I think the standard should be that a behaviour should be preserved (at least optionally) if it has been around for a long time and a reasonable person might have specified it in some form of documentation. Reasonable people might have written a C standard where two's complement representation is specified for signed integer types. But no reasonable person would write a specification for free that says you can still use the data you just freed, because that just doesn't make sense. Now of course people have different ideas about what reasonable people would or wouldn't do, but my point is that “this has been working for years, so it must continue to work” just isn't sufficient by itself.

Footguns

Posted Jul 18, 2021 8:14 UTC (Sun) by Vipketsh (guest, #134480) [Link] (9 responses)

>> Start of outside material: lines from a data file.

lemma Jr_u_diff_le:
  assumes "0 < a" "a \<le> s" "a \<le> r"
  shows "\<bar>Jr (u s) - Jr (u r)\<bar> \<le> norm (\<zeta> a) * norm (u s - u r)"
proof -
  have "Jr (u r) + inner (\<zeta> r) (u s - u r) \<le> Jr (u s)"
    and "Jr (u s) + inner (\<zeta> s) (u r - u s) \<le> Jr (u r)"
    using assms by (auto intro!: subdiff_ineq[OF \<zeta>_subdiff J_u_finite])
  moreover have "inner (\<zeta> s) (u r - u s) = - inner (\<zeta> s) (u s - u r)"
    by (simp add: inner_diff_right)
  moreover have "\<bar>inner (\<zeta> x) (u s - u r)\<bar> \<le> norm (\<zeta> a) * norm (u s - u r)" if "a \<le> x" for x
  proof -
    have "\<bar>inner (\<zeta> x) (u s - u r)\<bar> \<le> norm (\<zeta> x) * norm (u s - u r)"
      by (rule Cauchy_Schwarz_ineq2)
    also have "\<dots> \<le> norm (\<zeta> a) * norm (u s - u r)"
      using assms(1) that by (intro mult_right_mono norm_\<zeta>_antimono) auto
    finally show ?thesis .
  qed
  ultimately show ?thesis
    using assms(2,3) unfolding abs_le_iff by (smt (verit))
qed
(* Let $Q=(E_0,E_1,\mathbf U,\boldsymbol\alpha)$ be a quiver representation over $\mathbb{F}_q$, let $a,b\in E_0$, let $Q'=\Omega(Q,a,b)$ and $\pi=\pi^{Q'}_Q$. Let $\mathbf X\in\operatorname{End}(Q)$ and let $H$ be a subgroup of $\operatorname{Aut}(Q)$ fixing $\mathbf X$ under conjugation. Then $$\gamma\big(H^{Q'},\pi^{-1}(\mathbf X)\big)=\gamma\big(H,\mathcal I(X_a,X_b)\big),$$ where $H^{Q'}$ acts on $\pi^{-1}(\mathbf X)\subseteq\operatorname{End}(Q')$ by conjugation and $H$ acts on $\mathcal I(X_a,X_b)$ by $\mathbf g\cdot R=g_bRg_a^{-1}$.
   Context: $\gamma(G,X)$ is the number of orbits of a group $G$ on a finite set $X$. A quiver representation $Q=(E_0,E_1,\mathbf U,\boldsymbol\alpha)$: finite sets $E_0$ (vertices), $E_1$ (arrows), source/target maps $\sigma,\tau:E_1\to E_0$, finite-dimensional spaces $U_c$ ($c\in E_0$), linear maps $\alpha_e:U_{\sigma(e)}\to U_{\tau(e)}$. $\operatorname{End}(Q)$ is the ring of tuples $(X_c)_{c\in E_0}$, $X_c\in\operatorname{End}(U_c)$, with $\alpha_eX_{\sigma(e)}=X_{\tau(e)}\alpha_e$ for all $e$; $\operatorname{Aut}(Q)$ is its unit group, acting on $\operatorname{End}(Q)$ by componentwise conjugation. $Q'$ is an extension of $Q$ if its vertex set contains $E_0$, its spaces at $E_0$ coincide with those of $Q$, and restriction of any endomorphism of $Q'$ to $E_0$ is an endomorphism of $Q$; then $\pi^{Q'}_Q$ is this restriction map, and for $H\le\operatorname{Aut}(Q)$, $H^{Q'}=\pi^{-1}(H)\cap\operatorname{Aut}(Q')$. $\Omega(Q,a,b)$ is the extension obtained from $Q$ by adding a new vertex $c$ with a space $U'_c$ of dimension $\dim U_a+\dim U_b$ and two arrows $e_1:a\to c$, $e_2:c\to b$ whose maps form a short exact sequence $0\to U_a\to U'_c\to U_b\to 0$ (first injective, second surjective, image of first = kernel of second). $\mathcal I(X_a,X_b)=\{S\in\operatorname{Hom}(U_a,U_b):SX_a=X_bS\}$. *)

theory Defs
  imports "Jordan_Normal_Form.Matrix" "HOL-Library.FuncSet"
begin

text \<open>Finite-dimensional spaces over a finite field are modelled as coordinate spaces
  'a^n (column vectors), linear maps as matrices.\<close>

record ('v, 'e, 'a) quiver_rep =
  verts :: "'v set"
  arrs  :: "'e set"
  src   :: "'e \<Rightarrow> 'v"
  tgt   :: "'e \<Rightarrow> 'v"
  dim   :: "'v \<Rightarrow> nat"
  amap  :: "'e \<Rightarrow> 'a mat"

> There's a chance that it might overwrite ...

So, I think this is a key point to understand about C. In C you can and want to have pointers going to any arbitrary piece of memory (e.g. for I/O access) and as you say no standard can hope to define what happens when some data structure, or in more extreme cases, code is arbitrarily overwritten. The reasonable thing to do when analysing C code is to assume such things don't happen, and not to go out of your way to find such cases and generate garbage.

> There's no way the compiler can be expected to guard against that.

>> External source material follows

(* Let $\ell\ge2$, $0<\mu<L$, data points $\mathbf{x}_i\in\mathbb{R}^n$, and measurements $y_i\in\mathbb{R}$, $\mathbf{z}_i\in\mathbb{R}^n$ for $i\in\{1,\dots,\ell\}$; let $\mathcal{V}=\{(i,j):1\le i<j\le\ell\}$. For each $e=(i,j)\in\mathcal{V}$ introduce copies $\varphi_{i,e},\varphi_{j,e}\in\mathbb{R}$, $\boldsymbol{\delta}_{i,e},\boldsymbol{\delta}_{j,e}\in\mathbb{R}^n$, and let $(C_e)$ denote the two constraints $$\varphi_{i,e}-\varphi_{j,e}-\boldsymbol{\delta}_{j,e}^\top(\mathbf{x}_i-\mathbf{x}_j)\ge\frac{1}{2(1-\mu/L)}\Big(\frac1L\|\boldsymbol{\delta}_{i,e}-\boldsymbol{\delta}_{j,e}\|^2+\mu\|\mathbf{x}_i-\mathbf{x}_j\|^2-2\frac{\mu}{L}(\boldsymbol{\delta}_{j,e}-\boldsymbol{\delta}_{i,e})^\top(\mathbf{x}_j-\mathbf{x}_i)\Big),$$ $$\varphi_{j,e}-\varphi_{i,e}-\boldsymbol{\delta}_{i,e}^\top(\mathbf{x}_j-\mathbf{x}_i)\ge\frac{1}{2(1-\mu/L)}\Big(\frac1L\|\boldsymbol{\delta}_{i,e}-\boldsymbol{\delta}_{j,e}\|^2+\mu\|\mathbf{x}_i-\mathbf{x}_j\|^2-2\frac{\mu}{L}(\boldsymbol{\delta}_{i,e}-\boldsymbol{\delta}_{j,e})^\top(\mathbf{x}_j-\mathbf{x}_i)\Big).$$ Consider the problem $$\min\ \frac{1}{2(\ell-1)}\sum_{e=(i,j)\in\mathcal{V}}\left\|\begin{bmatrix}\varphi_{i,e}\\ \varphi_{j,e}\end{bmatrix}-\begin{bmatrix}y_i\\ y_j\end{bmatrix}\right\|^2+\left\|\begin{bmatrix}\boldsymbol{\delta}_{i,e}\\ \boldsymbol{\delta}_{j,e}\end{bmatrix}-\begin{bmatrix}\mathbf{z}_i\\ \mathbf{z}_j\end{bmatrix}\right\|^2$$ subject to $(C_e)$ for all $e\in\mathcal{V}$ and the consensus constraints $(\varphi_{i,e},\boldsymbol{\delta}_{i,e})=(\varphi_{i,e'},\boldsymbol{\delta}_{i,e'})$ for all $e,e'$ both involving index $i$. Then this problem can be solved by Peaceman–Rachford splitting with penalty $\rho>0$ (splitting into the objective plus the indicators of the constraints $(C_e)$, and the indicator of the consensus constraints), which yields the iteration: for $h\in\mathbb{N}$ and every $e=(i,j)\in\mathcal{V}$, with $\mathbf{t}_e=(\varphi_{i,e},\varphi_{j,e},\boldsymbol{\delta}_{i,e},\boldsymbol{\delta}_{j,e})\in\mathbb{R}^{2(n+1)}$ and $\mathbf{t}_{m,e}=(\varphi_{m,e},\boldsymbol{\delta}_{m,e})$ for $m\in\{i,j\}$, $$\mathbf{t}_e^h=\operatorname*{argmin}_{\mathbf{t}_e\in\mathbb{R}^{2(n+1)}}\left\{\frac{1}{2(\ell-1)}\left\|\mathbf{t}_e-(y_i,y_j,\mathbf{z}_i,\mathbf{z}_j)\right\|^2+\frac{1}{2\rho}\|\mathbf{t}_e-\mathbf{s}_e^h\|^2\right\}\ \text{s.t. } (C_e),$$ $$\mathbf{v}_{i,e}^h=\frac{1}{\ell-1}\sum_{e'\,:\,i\sim e'}\left(2\mathbf{t}_{i,e'}^h-\mathbf{s}_{e',i}^h\right),\qquad \mathbf{s}_{e,m}^{h+1}=\mathbf{s}_{e,m}^h+\mathbf{v}_{m,e}^h-\mathbf{t}_{m,e}^h\ \ (m\in\{i,j\}),$$ where $\mathbf{s}_e^h\in\mathbb{R}^{2(n+1)}$ is the PRS auxiliary variable and $\mathbf{s}_{e,m}^h$ its components corresponding to index $m$. In particular, each iteration solves in parallel $\ell(\ell-1)/2$ convex QCQPs, each in $2(n+1)$ variables with $2$ constraints, and then aggregates the results.
   Context: The Peaceman–Rachford splitting for $\min\psi+\chi$ with penalty $\rho>0$ is $\boldsymbol{\xi}^h=\operatorname{prox}_{\rho\psi}(\mathbf{s}^h)$, $\mathbf{v}^h=\operatorname{prox}_{\rho\chi}(2\boldsymbol{\xi}^h-\mathbf{s}^h)$, $\mathbf{s}^{h+1}=\mathbf{s}^h+\mathbf{v}^h-\boldsymbol{\xi}^h$, with $\operatorname{prox}_{\alpha g}(\mathbf{y})=\operatorname{argmin}_{\mathbf{x}}\{g(\mathbf{x})+\|\mathbf{x}-\mathbf{y}\|^2/(2\alpha)\}$. $i\sim e'$ means the pair $e'$ involves index $i$. The problem is a per-pair-copy reformulation of smooth strongly convex regression: estimating function values $\varphi_i$ and gradients $\boldsymbol{\delta}_i$ of a $\mu$-strongly convex, $L$-smooth function from noisy measurements $y_i,\mathbf{z}_i$. *)

theory Defs
  imports "HOL-Analysis.Analysis"
begin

Sure, it's unreasonable to expect the compiler to guarantee that your pointers don't overwrite something you didn't expect. It's a completely different matter when the compiler goes out of its way to look for these things and then generating complete garbage, not because it's sane for some surprising reason, but because "it's allowed".

Let's also not forget that in the original example of (be || !be)=false there was no random overwriting of anything. It was reading an un-initialised variable, which is a little easier to reason about -- there is no explicit value one can expect when reading un-initialised variables, at the same time it is also reasonable to expect that the value that one gets does not fall outside of the set of allowed values for that type.

There is also another piece of to this puzzle: only clang assigns values outside the set of allowed values for the type, gcc assigns 0. Yet gcc's performance on the all-important SPEC benchmarks is not lagging miles behind clang so it's clearly not an all important optimisation. So the yet-unanswered question is raised of what advantage does clang's behviour have ? The disadvantages are clear.

> there's an "implicit agreement" that that's how free should “work”?

In some ways, yes, I do think there is implicit agreement here. I also think that user-after-free is not a good example because just like defining what overwriting arbitrary pieces of memory will result in is impossible, so is use-after-free. Still, I think the compiler should not go out of its way to detect use-after-free type situations and then generate garbage in responce.

A different but similar example perhaps would be the case of "The sims", which was known to write past allocated memory areas. It happened to work on Windows 9x. In later versions of windows they changed the allocator and put some internal data structures in those locations resulting in the game not working anymore. In the end Microsoft changed the allocator behaviour such that if you asked for X bytes you got X+Y bytes. Not logical behaviour when looking an allocator but well defined. For me, such changes are a reasonable price to pay for compatibility.

Footguns

Posted Jul 18, 2021 11:34 UTC (Sun) by jem (subscriber, #24231) [Link] (8 responses)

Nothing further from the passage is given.